» ACTIVITY: Only those lines in the data below from the line containing "UNIV g \<Longrightarrow>" through the line containing "(\<forall>u. has_partial_deriv g", both included, should be restated word for word.

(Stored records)
━━━━━━━━
lemma has_partial_deriv_abs_le_of_dominated:
  fixes \<psi> :: "real^'m \<Rightarrow> real" and \<gamma> :: "'j \<Rightarrow> real^'m \<Rightarrow> real"
  assumes "open S" "u \<in> S" "finite J"
    and \<psi>: "has_partial_deriv \<psi> i u D"
    and \<gamma>: "\<And>j. j \<in> J \<Longrightarrow> has_partial_deriv (\<gamma> j) i u (E j)"
    and dom: "\<And>v. v \<in> S \<Longrightarrow> \<bar>\<psi> v - \<psi> u\<bar> \<le> e * (\<Sum>j\<in>J. \<bar>\<gamma> j v - \<gamma> j u\<bar>)"
  shows "\<bar>D\<bar> \<le> e * (\<Sum>j\<in>J. \<bar>E j\<bar>)"
proof (rule DERIV_abs_le_of_eventually_dominated[OF \<open>finite J\<close>])
  show "((\<lambda>t. \<psi> (u + t *\<^sub>R axis i 1)) has_real_derivative D) (at 0)"
    using \<psi> by (simp add: has_partial_deriv_def)
  show "((\<lambda>t. \<gamma> j (u + t *\<^sub>R axis i 1)) has_real_derivative E j) (at 0)" if "j \<in> J" for j
    using \<gamma>[OF that] by (simp add: has_partial_deriv_def)
  have "((\<lambda>t. u + t *\<^sub>R axis i 1) \<longlongrightarrow> u + 0 *\<^sub>R axis i 1) (at 0)"
    by (intro tendsto_intros)
  then have "eventually (\<lambda>t. u + t *\<^sub>R axis i 1 \<in> S) (at 0)"
    using topological_tendstoD assms(1,2) by (metis add_0_right scaleR_zero_left)
  then show "eventually (\<lambda>t. \<bar>\<psi> (u + t *\<^sub>R axis i 1) - \<psi> (u + 0 *\<^sub>R axis i 1)\<bar>
      \<le> e * (\<Sum>j\<in>J. \<bar>\<gamma> j (u + t *\<^sub>R axis i 1) - \<gamma> j (u + 0 *\<^sub>R axis i 1)\<bar>)) (at 0)"
    by eventually_elim (simp add: dom)
qed

lemma continuous_on_UNIV_tendsto_nhds:
  fixes g :: "'a::topological_space \<Rightarrow> 'b::topological_space"
  shows "continuous_on UNIV g \<Longrightarrow> (g \<longlongrightarrow> g a) (nhds a)"
  by (simp add: continuous_on_def tendsto_at_iff_tendsto_nhds)

lemma has_partial_deriv_unique:
  "has_partial_deriv g i u D \<Longrightarrow> has_partial_deriv g i u D' \<Longrightarrow> D = D'"
  unfolding has_partial_deriv_def by (rule DERIV_unique)

lemma Ck_on_1_UNIV_continuous_partials:
  assumes "Ck_on 1 UNIV g"
  obtains D where "\<And>i u. has_partial_deriv g i u (D i u)" "\<And>i. continuous_on UNIV (D i)"
proof -
  have "\<forall>i. \<exists>g'. (\<forall>u. has_partial_deriv g i u (g' u)) \<and> continuous_on UNIV g'"
    using assms by (simp add: One_nat_def)
  from choice[OF this] show ?thesis
    using that by blast
qed

lemma Ck_on_1_UNIV_family_continuous_partials:
  assumes "\<And>l. Ck_on 1 UNIV (g l)"
  obtains D where "\<And>l i u. has_partial_deriv (g l) i u (D l i u)" "\<And>l i. continuous_on UNIV (D l i)"
proof -
  have "\<forall>l. \<exists>D. (\<forall>i u. has_partial_deriv (g l) i u (D i u)) \<and> (\<forall>i. continuous_on UNIV (D i))"
  proof
    fix l
    show "\<exists>D. (\<forall>i u. has_partial_deriv (g l) i u (D i u)) \<and> (\<forall>i. continuous_on UNIV (D i))"
      by (rule Ck_on_1_UNIV_continuous_partials[OF assms]) blast
  qed
  from choice[OF this] show ?thesis
    using that by blast
qed

lemma continuous_partials_small_on_cube:
  fixes \<phi>' :: "'n::finite \<Rightarrow> real^'n \<Rightarrow> real"
  assumes "\<And>j. continuous_on UNIV (\<phi>' j)" "\<And>j. \<phi>' j b = 0" "\<epsilon> > 0"
  obtains \<eta> where "\<eta> > 0" "\<And>j w. w \<in> cube b \<eta> \<Longrightarrow> \<bar>\<phi>' j w\<bar> \<le> \<epsilon>"
proof -
  have "eventually (\<lambda>w. \<forall>j. \<bar>\<phi>' j w\<bar> < \<epsilon>) (nhds b)"
  proof (rule eventually_all_finite)
    fix j
    have "((\<lambda>w. \<bar>\<phi>' j w\<bar>) \<longlongrightarrow> 0) (nhds b)"
      using tendsto_rabs[OF continuous_on_UNIV_tendsto_nhds[OF assms(1)[of j], of b]] assms(2)[of j]
      by simp
    then show "eventually (\<lambda>w. \<bar>\<phi>' j w\<bar> < \<epsilon>) (nhds b)"
      using assms(3) by (rule order_tendstoD)
  qed
  then obtain \<eta> where "\<eta> > 0" "\<And>w. w \<in> cube b \<eta> \<Longrightarrow> \<forall>j. \<bar>\<phi>' j w\<bar> < \<epsilon>"
    by (rule eventually_nhds_cube) blast
  then show ?thesis
    using that by (meson less_imp_le)
qed

lemma has_partial_deriv_abs_le_through_cube:
  fixes \<phi> :: "real^'n::finite \<Rightarrow> real" and \<psi> :: "real^'m \<Rightarrow> real"
    and \<gamma> :: "'n \<Rightarrow> real^'m \<Rightarrow> real"
  assumes \<phi>: "\<And>j w. w \<in> cube c \<eta> \<Longrightarrow> has_partial_deriv \<phi> j w (\<phi>' j w)"
      "\<And>j w. w \<in> cube c \<eta> \<Longrightarrow> \<bar>\<phi>' j w\<bar> \<le> \<epsilon>"
    and S: "open S" "u \<in> S" "\<And>v. v \<in> S \<Longrightarrow> (\<chi> j. \<gamma> j v) \<in> cube c \<eta> \<and> \<psi> v = \<phi> (\<chi> j. \<gamma> j v)"
    and \<psi>: "has_partial_deriv \<psi> i u D"
    and \<gamma>: "\<And>j. has_partial_deriv (\<gamma> j) i u (E j)"
  shows "\<bar>D\<bar> \<le> \<epsilon> * (\<Sum>j\<in>UNIV. \<bar>E j\<bar>)"
proof (rule has_partial_deriv_abs_le_of_dominated[OF S(1,2) finite_class.finite_UNIV \<psi> \<gamma>])
  fix v assume "v \<in> S"
  then show "\<bar>\<psi> v - \<psi> u\<bar> \<le> \<epsilon> * (\<Sum>j\<in>UNIV. \<bar>\<gamma> j v - \<gamma> j u\<bar>)"
    using l1_lipschitz_on_cube[OF \<phi>, where p = "\<chi> j. \<gamma> j v" and q = "\<chi> j. \<gamma> j u"] S(2,3)
    by simp
qed

lemma partial_deriv_small_near_flat_approach:
  fixes \<phi> :: "real^'n::finite \<Rightarrow> real" and \<psi> :: "real^'m::finite \<Rightarrow> real"
    and \<gamma> :: "'n \<Rightarrow> real^'m \<Rightarrow> real"
  assumes "Ck_on 1 UNIV \<phi>" and flat: "\<And>j. has_partial_deriv \<phi> j b 0"
    and \<psi>: "\<And>u. has_partial_deriv \<psi> i u (\<psi>' u)"
    and \<gamma>: "\<And>j u. has_partial_deriv (\<gamma> j) i u (\<gamma>' j u)"
    and approach: "\<And>N \<eta>. open N \<Longrightarrow> a \<in> N \<Longrightarrow> \<eta> > 0 \<Longrightarrow>
       \<exists>S. open S \<and> S \<noteq> {} \<and> S \<subseteq> N \<and>
           (\<forall>v\<in>S. (\<chi> j. \<gamma> j v) \<in> cube b \<eta> \<and> \<psi> v = \<phi> (\<chi> j. \<gamma> j v))"
    and "open N" "a \<in> N" "\<epsilon> > 0"
  shows "\<exists>u\<in>N. \<bar>\<psi>' u\<bar> \<le> \<epsilon> * (\<Sum>j\<in>UNIV. \<bar>\<gamma>' j u\<bar>)"
proof -
  obtain \<phi>' where \<phi>': "\<And>j w. has_partial_deriv \<phi> j w (\<phi>' j w)" "\<And>j. continuous_on UNIV (\<phi>' j)"
    using Ck_on_1_UNIV_continuous_partials[OF assms(1)] by blast
  have \<phi>'_b: "\<phi>' j b = 0" for j
    using has_partial_deriv_unique[OF \<phi>'(1) flat] .
  obtain \<eta> where "\<eta> > 0" and small: "\<And>j w. w \<in> cube b \<eta> \<Longrightarrow> \<bar>\<phi>' j w\<bar> \<le> \<epsilon>"
    using continuous_partials_small_on_cube[of \<phi>' b, OF \<phi>'(2) \<phi>'_b \<open>\<epsilon> > 0\<close>] by blast
  then obtain S where S: "open S" "S \<noteq> {}" "S \<subseteq> N"
    and on_S: "\<forall>v\<in>S. (\<chi> j. \<gamma> j v) \<in> cube b \<eta> \<and> \<psi> v = \<phi> (\<chi> j. \<gamma> j v)"
    using approach \<open>open N\<close> \<open>a \<in> N\<close> by meson
  then obtain u where "u \<in> S" by blast
  have "\<bar>\<psi>' u\<bar> \<le> \<epsilon> * (\<Sum>j\<in>UNIV. \<bar>\<gamma>' j u\<bar>)"
    by (rule has_partial_deriv_abs_le_through_cube[OF \<phi>'(1) small S(1) \<open>u \<in> S\<close> on_S[rule_format]
          \<psi> \<gamma>])
  then show ?thesis
    using \<open>u \<in> S\<close> S(3) by blast
qed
━━━━━━━━
» REPLY:
  shows "continuous_on UNIV g \<Longrightarrow> (g \<longlongrightarrow> g a) (nhds a)"
  by (simp add: continuous_on_def tendsto_at_iff_tendsto_nhds)

lemma has_partial_deriv_unique:
  "has_partial_deriv g i u D \<Longrightarrow> has_partial_deriv g i u D' \<Longrightarrow> D = D'"
  unfolding has_partial_deriv_def by (rule DERIV_unique)

lemma Ck_on_1_UNIV_continuous_partials:
  assumes "Ck_on 1 UNIV g"
  obtains D where "\<And>i u. has_partial_deriv g i u (D i u)" "\<And>i. continuous_on UNIV (D i)"
proof -
  have "\<forall>i. \<exists>g'. (\<forall>u. has_partial_deriv g i u (g' u)) \<and> continuous_on UNIV g'"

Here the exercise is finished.